lemma Lspace_gen_expansion:
  assumes "x \<in> Lspace"
  shows "x = (\<lambda>S. \<Sum>w\<in>gen ` {i. x {i} \<noteq> 0}. x {inv gen w} * w S)"
proof
  fix S
  have "(\<Sum>w\<in>gen ` {i. x {i} \<noteq> 0}. x {inv gen w} * w S) = (\<Sum>i | x {i} \<noteq> 0. x {i} * gen i S)"
    by (simp add: sum.reindex inj_on_subset[OF inj_gen] inv_f_f[OF inj_gen])
  also have "\<dots> = (\<Sum>i | x {i} \<noteq> 0. if S = {i} then x S else 0)"
    by (intro sum.cong) (auto simp: gen_def)
  also have "\<dots> = x S"
  proof (cases "card S = 1")
    case True
    then obtain j where "S = {j}" by (auto simp: card_1_singleton_iff)
    then show ?thesis
      using assms finite_singleton_support[of x] by (auto simp: Lspace_def sum.delta')
  next
    case False
    then have "x S = 0" "\<And>i. S \<noteq> {i}" using assms by (auto simp: Lspace_def)
    then show ?thesis by simp
  qed
  finally show "x S = (\<Sum>w\<in>gen ` {i. x {i} \<noteq> 0}. x {inv gen w} * w S)" by simp
qed

lemma gen_Lspace: "gen i \<in> Lspace"
  unfolding Lspace_def by (simp add: gen_carrier) (simp add: gen_def)

lemma is_basis_L_range_gen: "is_basis_L (range gen)"
  unfolding is_basis_L_def
proof (intro conjI allI impI ballI)
  show "range gen \<subseteq> Lspace"
    by (auto simp: gen_Lspace)
next
  fix A c and v :: "'a grass"
  assume A: "finite A \<and> A \<subseteq> range gen \<and> (\<forall>S. (\<Sum>w\<in>A. c w * w S) = 0)" and "v \<in> A"
  then obtain j where "v = gen j" by auto
  then show "c v = 0" using A sum_gen_singleton[of A c j] \<open>v \<in> A\<close> by simp
next
  fix x :: "'a grass"
  assume x: "x \<in> Lspace"
  have "finite {i. x {i} \<noteq> 0}"
    using x finite_singleton_support[of x] by (auto simp: Lspace_def)
  then show "\<exists>A c. finite A \<and> A \<subseteq> range gen \<and> x = (\<lambda>S. \<Sum>v\<in>A. c v * v S)"
    using Lspace_gen_expansion[OF x] by (intro exI conjI) auto
qed

theorem theorem5p1:
  shows "\<not> (\<exists>\<phi> :: ('a::field_char_0) grass \<Rightarrow> 'a grass. is_auto \<phi> \<and> is_involution \<phi> \<and> type4 \<phi>
            \<and> (\<exists>\<psi>. is_linearization \<phi> \<psi> \<and> (\<forall>x\<in>grass_carrier. \<psi> x = x)))"
proof
  assume "\<exists>\<phi> :: 'a grass \<Rightarrow> 'a grass. is_auto \<phi> \<and> is_involution \<phi> \<and> type4 \<phi>
            \<and> (\<exists>\<psi>. is_linearization \<phi> \<psi> \<and> (\<forall>x\<in>grass_carrier. \<psi> x = x))"
  then obtain \<phi> \<psi> :: "'a grass \<Rightarrow> 'a grass"
    where aut: "is_auto \<phi>" and invol: "is_involution \<phi>" and type4: "type4 \<phi>"
      and lin: "is_linearization \<phi> \<psi>" and lin_id: "\<forall>x\<in>grass_carrier. \<psi> x = x"
    by blast
  have "\<phi> (gen 0) = gen 0"
    using aut invol linearization_id_imp_identity_linear_part[OF lin lin_id]
    by (simp add: is_auto_def involution_identity_linear_part_fixes_gen)
  moreover have "\<phi> (gen 0) \<noteq> gen 0"
    using type4 is_basis_L_range_gen unfolding type4_def by blast
  ultimately show False by simp
qed

end
(* Let $S$ be a finite semigroup such that $\equiv_{\mathsf{RM}}$ is the equality relation. Then the minimal degree of a faithful action of $S$ on a set by partial transformations is realized by a semisimple action, i.e., there is a faithful semisimple partial $S$-set of cardinality equal to the least cardinality of a faithful partial $S$-set.
   Context: Semigroups act on the right. For a regular $\mathscr J$-class $J$ (one containing an idempotent): $s\equiv_{\mathsf{RM},J}t$ iff for all $x\in J$, $xs\in J\iff xt\in J$, and if both lie in $J$ then $xs=xt$; $\equiv_{\mathsf{RM}}=\bigcap_J\equiv_{\mathsf{RM},J}$ over regular $J$. A partial $S$-set is a finite set $\Omega$ with a right action by partial maps; faithful means distinct elements act as distinct partial maps. The strong orbit of $\alpha$ is $\mathscr O_\alpha=\{\beta\mid\alpha S^1=\beta S^1\}$; it is transitive if $\mathscr O_\alpha S\cap\mathscr O_\alpha\ne\emptyset$. $\Omega$ is semisimple if every strong orbit is transitive and $S$-invariant (if $\alpha\in\mathscr O$ and $\alpha s$ is defined then $\alpha s\in\mathscr O$). *)

theory Defs
  imports Main
begin

text \<open>Semigroups are modelled by the type class semigroup_mult (the whole type is S).
  Principal two-sided ideal S^1 s S^1.\<close>

definition ideal1 :: "'a::semigroup_mult \<Rightarrow> 'a set" where
  "ideal1 s = {s} \<union> {x * s | x. True} \<union> {s * y | y. True} \<union> {x * s * y | x y. True}"

definition J_equiv :: "'a::semigroup_mult \<Rightarrow> 'a \<Rightarrow> bool" where
  "J_equiv s t \<longleftrightarrow> ideal1 s = ideal1 t"

definition J_class :: "'a::semigroup_mult \<Rightarrow> 'a set" where
  "J_class s = {t. J_equiv s t}"

definition regular_J_class :: "'a::semigroup_mult set \<Rightarrow> bool" where
  "regular_J_class J \<longleftrightarrow> (\<exists>s. J = J_class s) \<and> (\<exists>e\<in>J. e * e = e)"

definition RM_equiv_J :: "'a::semigroup_mult set \<Rightarrow> 'a \<Rightarrow> 'a \<Rightarrow> bool" where
  "RM_equiv_J J s t \<longleftrightarrow>
     (\<forall>x\<in>J. (x * s \<in> J \<longleftrightarrow> x * t \<in> J) \<and> (x * s \<in> J \<and> x * t \<in> J \<longrightarrow> x * s = x * t))"

definition RM_equiv :: "'a::semigroup_mult \<Rightarrow> 'a \<Rightarrow> bool" where
  "RM_equiv s t \<longleftrightarrow> (\<forall>J. regular_J_class J \<longrightarrow> RM_equiv_J J s t)"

####################

» Work request: In how many lines of the material does the string "conjI" appear? Reply with the number only.

» Task response: 2